Ожидавшегося веселья это чтение вслух, однако, не вызвало. Оба мрачных супруга лишь слегка покривили рты, изображая усмешку. И все же настроение, казалось Инне Петровне, отчасти удалось бы переключить — если б не разразилась совсем уже глупость.

— Ну, что с ним делать? — спросила она, складывая листок.

— Порвать и выбросить, что еще? — пожал плечами зять.

Но Люба тут попросила дать письмо ей, она хотела позабавить им сослуживцев.

— Наверное, его пол Москвы уже получили, — хмыкнул Игорь. — Или все таки не хочется совсем без надобности искушать неведомые силы?

Ах, зачем он ее так подколол? — подумала Инна Петровна, по себе, между прочим, чувствуя, что в таком подкалывании можно было признать оттенок правоты. Прежде у него, однако, хватало юмора от подобных уколов удерживаться. Люба вспыхнула:

— Ты меня все таки дурочкой считаешь? На, порви.

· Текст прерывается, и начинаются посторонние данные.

(* Let $L$ be a slim semimodular lattice of length $n$ and let $D$ be a planar diagram of $L$ with left boundary chain $0=c_0\prec\dots\prec c_n=1$ and right boundary chain $0=d_0\prec\dots\prec d_n=1$. Let $\pi_1,\pi_2,\pi_3$ be the permutations associated with $D$ as defined below. Then $\pi_1=\pi_2=\pi_3$.
   Context: A finite lattice is slim if its join-irreducible elements (including $0$) contain no three-element antichain; semimodular means $a\prec b$ implies $a\vee c\preceq b\vee c$. Slim lattices are planar; in a planar diagram of a slim semimodular lattice all cells (minimal regions bounded by edges) are 4-cells, i.e. four-element cover-preserving sublattices of length 2. Diagrams are considered up to boundary similarity (an isomorphism preserving left and right boundary chains). $\pi_1$: for $i\in\{1,\dots,n\}$ let $I_0=[c_{i-1},c_i]$; if $I_t$ is defined and is the left-hand (lower or upper) edge of a 4-cell lying to its right, let $I_{t+1}$ be the opposite edge of that 4-cell; the sequence $I_0,\dots,I_m$ (the trajectory) ends on the right boundary chain at $I_m=[d_{j-1},d_j]$, and $\pi_1(i)=j$ (this is known to be well defined and a permutation). $\pi_2$: for $i\in\{1,\dots,n\}$ take a meet-irreducible $u\in L$, $u\neq1$, such that $c_i$ is the smallest element of the left boundary chain not $\le u$; let $d_j$ be the smallest element of the right boundary chain not $\le u$; $\pi_2(i)=j$. $\pi_3$: let $G$ be the direct product of the chains $\{c_0,\dots,c_n\}$ and $\{d_0,\dots,d_n\}$, writing $c_i\vee d_j$ for the pair $(c_i,d_j)$; let $\eta\colon G\to L$, $c_i\vee_G d_j\mapsto c_i\vee_L d_j$, and let $\beta_D$ be the kernel of $\eta$. For a join-congruence $\alpha$ of $G$ and $i,j\ge1$, the 4-cell $\{c_{i-1}\vee d_{j-1},c_{i-1}\vee d_j,c_i\vee d_{j-1},c_i\vee d_j\}$ is a source cell of $\alpha$ if $c_{i-1}\vee d_j$, $c_i\vee d_{j-1}$, $c_i\vee d_j$ lie in one $\alpha$-class not containing $c_{i-1}\vee d_{j-1}$. $\pi_3(i)=j$ iff the 4-cell with top $c_i\vee d_j$ is a source cell of $\beta_D$. *)

theory Defs
  imports Main
begin

text \<open>The lattice L is the whole (finite, hence bounded) type 'a.\<close>

definition covers :: "'a::order \<Rightarrow> 'a \<Rightarrow> bool" where
  "covers x y \<longleftrightarrow> x < y \<and> \<not> (\<exists>z. x < z \<and> z < y)"

definition covers_or_eq :: "'a::order \<Rightarrow> 'a \<Rightarrow> bool" where
  "covers_or_eq x y \<longleftrightarrow> covers x y \<or> x = y"

text \<open>Join-irreducible elements, with 0 included (as in the slimness definition).\<close>
definition join_irreducible :: "'a::lattice \<Rightarrow> bool" where
  "join_irreducible x \<longleftrightarrow> (\<forall>a b. x = sup a b \<longrightarrow> x = a \<or> x = b)"

definition meet_irreducible :: "'a::lattice \<Rightarrow> bool" where
  "meet_irreducible x \<longleftrightarrow> (\<forall>a b. x = inf a b \<longrightarrow> x = a \<or> x = b)"

definition slim_lattice :: "'a::lattice itself \<Rightarrow> bool" where
  "slim_lattice _ \<longleftrightarrow> \<not> (\<exists>x y z :: 'a. join_irreducible x \<and> join_irreducible y \<and> join_irreducible z
      \<and> \<not> x \<le> y \<and> \<not> y \<le> x \<and> \<not> x \<le> z \<and> \<not> z \<le> x \<and> \<not> y \<le> z \<and> \<not> z \<le> y)"

definition semimodular_lattice :: "'a::lattice itself \<Rightarrow> bool" where
  "semimodular_lattice _ \<longleftrightarrow> (\<forall>a b c :: 'a. covers a b \<longrightarrow> covers_or_eq (sup a c) (sup b c))"

definition is_chain :: "'a::order set \<Rightarrow> bool" where
  "is_chain C \<longleftrightarrow> (\<forall>x\<in>C. \<forall>y\<in>C. x \<le> y \<or> y \<le> x)"

definition lattice_length :: "'a::{finite,order} itself \<Rightarrow> nat \<Rightarrow> bool" where
  "lattice_length _ n \<longleftrightarrow> (\<exists>C :: 'a set. is_chain C \<and> card C = n + 1)
      \<and> (\<forall>C :: 'a set. is_chain C \<longrightarrow> card C \<le> n + 1)"

text \<open>A planar diagram, up to similarity, is encoded by its two conjugate linear orders
  (a 2-dimensional realizer, Kelly--Rival / Baker--Fishburn--Roberts):
  r1, r2 are linear orders whose intersection is the lattice order.
  x is strictly to the left of y iff x comes before y in r1 and after y in r2.\<close>
definition linear_rel :: "('a \<Rightarrow> 'a \<Rightarrow> bool) \<Rightarrow> bool" where
  "linear_rel r \<longleftrightarrow> (\<forall>x. r x x) \<and> (\<forall>x y. r x y \<and> r y x \<longrightarrow> x = y)
      \<and> (\<forall>x y z. r x y \<and> r y z \<longrightarrow> r x z) \<and> (\<forall>x y. r x y \<or> r y x)"

definition planar_diagram :: "('a::order \<Rightarrow> 'a \<Rightarrow> bool) \<Rightarrow> ('a \<Rightarrow> 'a \<Rightarrow> bool) \<Rightarrow> bool" where
  "planar_diagram r1 r2 \<longleftrightarrow> linear_rel r1 \<and> linear_rel r2 \<and> (\<forall>x y. x \<le> y \<longleftrightarrow> r1 x y \<and> r2 x y)"

definition left_of :: "('a \<Rightarrow> 'a \<Rightarrow> bool) \<Rightarrow> ('a \<Rightarrow> 'a \<Rightarrow> bool) \<Rightarrow> 'a \<Rightarrow> 'a \<Rightarrow> bool" where
  "left_of r1 r2 x y \<longleftrightarrow> x \<noteq> y \<and> r1 x y \<and> r2 y x"

definition left_boundary_chain ::
  "('a::bounded_lattice \<Rightarrow> 'a \<Rightarrow> bool) \<Rightarrow> ('a \<Rightarrow> 'a \<Rightarrow> bool) \<Rightarrow> nat \<Rightarrow> (nat \<Rightarrow> 'a) \<Rightarrow> bool" where
  "left_boundary_chain r1 r2 n c \<longleftrightarrow> c 0 = bot \<and> c n = top \<and> (\<forall>i<n. covers (c i) (c (Suc i)))
      \<and> (\<forall>i\<le>n. \<forall>y. \<not> left_of r1 r2 y (c i))"

definition right_boundary_chain ::
  "('a::bounded_lattice \<Rightarrow> 'a \<Rightarrow> bool) \<Rightarrow> ('a \<Rightarrow> 'a \<Rightarrow> bool) \<Rightarrow> nat \<Rightarrow> (nat \<Rightarrow> 'a) \<Rightarrow> bool" where
  "right_boundary_chain r1 r2 n d \<longleftrightarrow> d 0 = bot \<and> d n = top \<and> (\<forall>i<n. covers (d i) (d (Suc i)))
      \<and> (\<forall>i\<le>n. \<forall>y. \<not> left_of r1 r2 (d i) y)"

text \<open>A 4-cell of the diagram with bottom o, left middle a, right middle b, top t:
  a four-element cover-preserving sublattice of length 2 whose enclosed region contains
  no further element (an element strictly inside would lie in the open interval (o,t),
  right of a and left of b).\<close>
definition four_cell ::
  "('a::lattice \<Rightarrow> 'a \<Rightarrow> bool) \<Rightarrow> ('a \<Rightarrow> 'a \<Rightarrow> bool) \<Rightarrow> 'a \<Rightarrow> 'a \<Rightarrow> 'a \<Rightarrow> 'a \<Rightarrow> bool" where
  "four_cell r1 r2 z a b t \<longleftrightarrow> covers z a \<and> covers a t \<and> covers z b \<and> covers b t
      \<and> left_of r1 r2 a b
      \<and> \<not> (\<exists>x. z < x \<and> x < t \<and> left_of r1 r2 a x \<and> left_of r1 r2 x b)"

definition traj_step ::
  "('a::lattice \<Rightarrow> 'a \<Rightarrow> bool) \<Rightarrow> ('a \<Rightarrow> 'a \<Rightarrow> bool) \<Rightarrow> 'a \<times> 'a \<Rightarrow> 'a \<times> 'a \<Rightarrow> bool" where
  "traj_step r1 r2 e e' \<longleftrightarrow> (\<exists>z a b t. four_cell r1 r2 z a b t \<and>
      ((e = (z, a) \<and> e' = (b, t)) \<or> (e = (a, t) \<and> e' = (z, b))))"

definition is_left_edge_of_cell ::
  "('a::lattice \<Rightarrow> 'a \<Rightarrow> bool) \<Rightarrow> ('a \<Rightarrow> 'a \<Rightarrow> bool) \<Rightarrow> 'a \<times> 'a \<Rightarrow> bool" where
  "is_left_edge_of_cell r1 r2 e \<longleftrightarrow> (\<exists>z a b t. four_cell r1 r2 z a b t \<and> (e = (z, a) \<or> e = (a, t)))"

definition trajectory ::
  "('a::bounded_lattice \<Rightarrow> 'a \<Rightarrow> bool) \<Rightarrow> ('a \<Rightarrow> 'a \<Rightarrow> bool) \<Rightarrow> (nat \<Rightarrow> 'a) \<Rightarrow> nat \<Rightarrow> ('a \<times> 'a) list \<Rightarrow> bool" where
  "trajectory r1 r2 c i es \<longleftrightarrow> es \<noteq> [] \<and> hd es = (c (i - 1), c i)
      \<and> (\<forall>k. Suc k < length es \<longrightarrow> traj_step r1 r2 (es ! k) (es ! Suc k))
      \<and> \<not> is_left_edge_of_cell r1 r2 (last es)"

text \<open>The three permutations, given as their graphs (sets of pairs (i, pi(i))).\<close>
definition pi1 ::
  "('a::bounded_lattice \<Rightarrow> 'a \<Rightarrow> bool) \<Rightarrow> ('a \<Rightarrow> 'a \<Rightarrow> bool) \<Rightarrow> nat \<Rightarrow> (nat \<Rightarrow> 'a) \<Rightarrow> (nat \<Rightarrow> 'a) \<Rightarrow> (nat \<times> nat) set" where
  "pi1 r1 r2 n c d = {(i, j). i \<in> {1..n} \<and> j \<in> {1..n} \<and>
      (\<exists>es. trajectory r1 r2 c i es \<and> last es = (d (j - 1), d j))}"

definition pi2 :: "nat \<Rightarrow> (nat \<Rightarrow> 'a::bounded_lattice) \<Rightarrow> (nat \<Rightarrow> 'a) \<Rightarrow> (nat \<times> nat) set" where
  "pi2 n c d = {(i, j). i \<in> {1..n} \<and> j \<in> {1..n} \<and>
      (\<exists>u. meet_irreducible u \<and> u \<noteq> top
         \<and> \<not> c i \<le> u \<and> (\<forall>k\<le>n. \<not> c k \<le> u \<longrightarrow> c i \<le> c k)
         \<and> \<not> d j \<le> u \<and> (\<forall>k\<le>n. \<not> d k \<le> u \<longrightarrow> d j \<le> d k))}"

— Ну да. А ты в душе потом будешь считать меня виноватым за любую дальнейшую неприятность.

— Какое-то безумие, — замотала головой Люба. — Какое-то безумие.

И демонстративно, прямо перед его лицом, порвала глупую чушь…

Господи, во всем дальнейшем вообще можно было увидеть не более чем случайность, набор совпадений. Но что то словно накапливалось в окружающем воздухе — или, может, в самом их естестве, где что то менялось. Проще простого было, скажем, найти реальное объяснение даже для температуры, внезапно подскочившей у Любы после пустячного спиритического сеанса. Но ведь с этого сеанса она пришла действительно полубольная, буквально шатаясь. Мать заставила ее померить температуру, у нее оказалось 38,6°. Только рассказывать она не хотела ни за что — потому что дома был Игорь.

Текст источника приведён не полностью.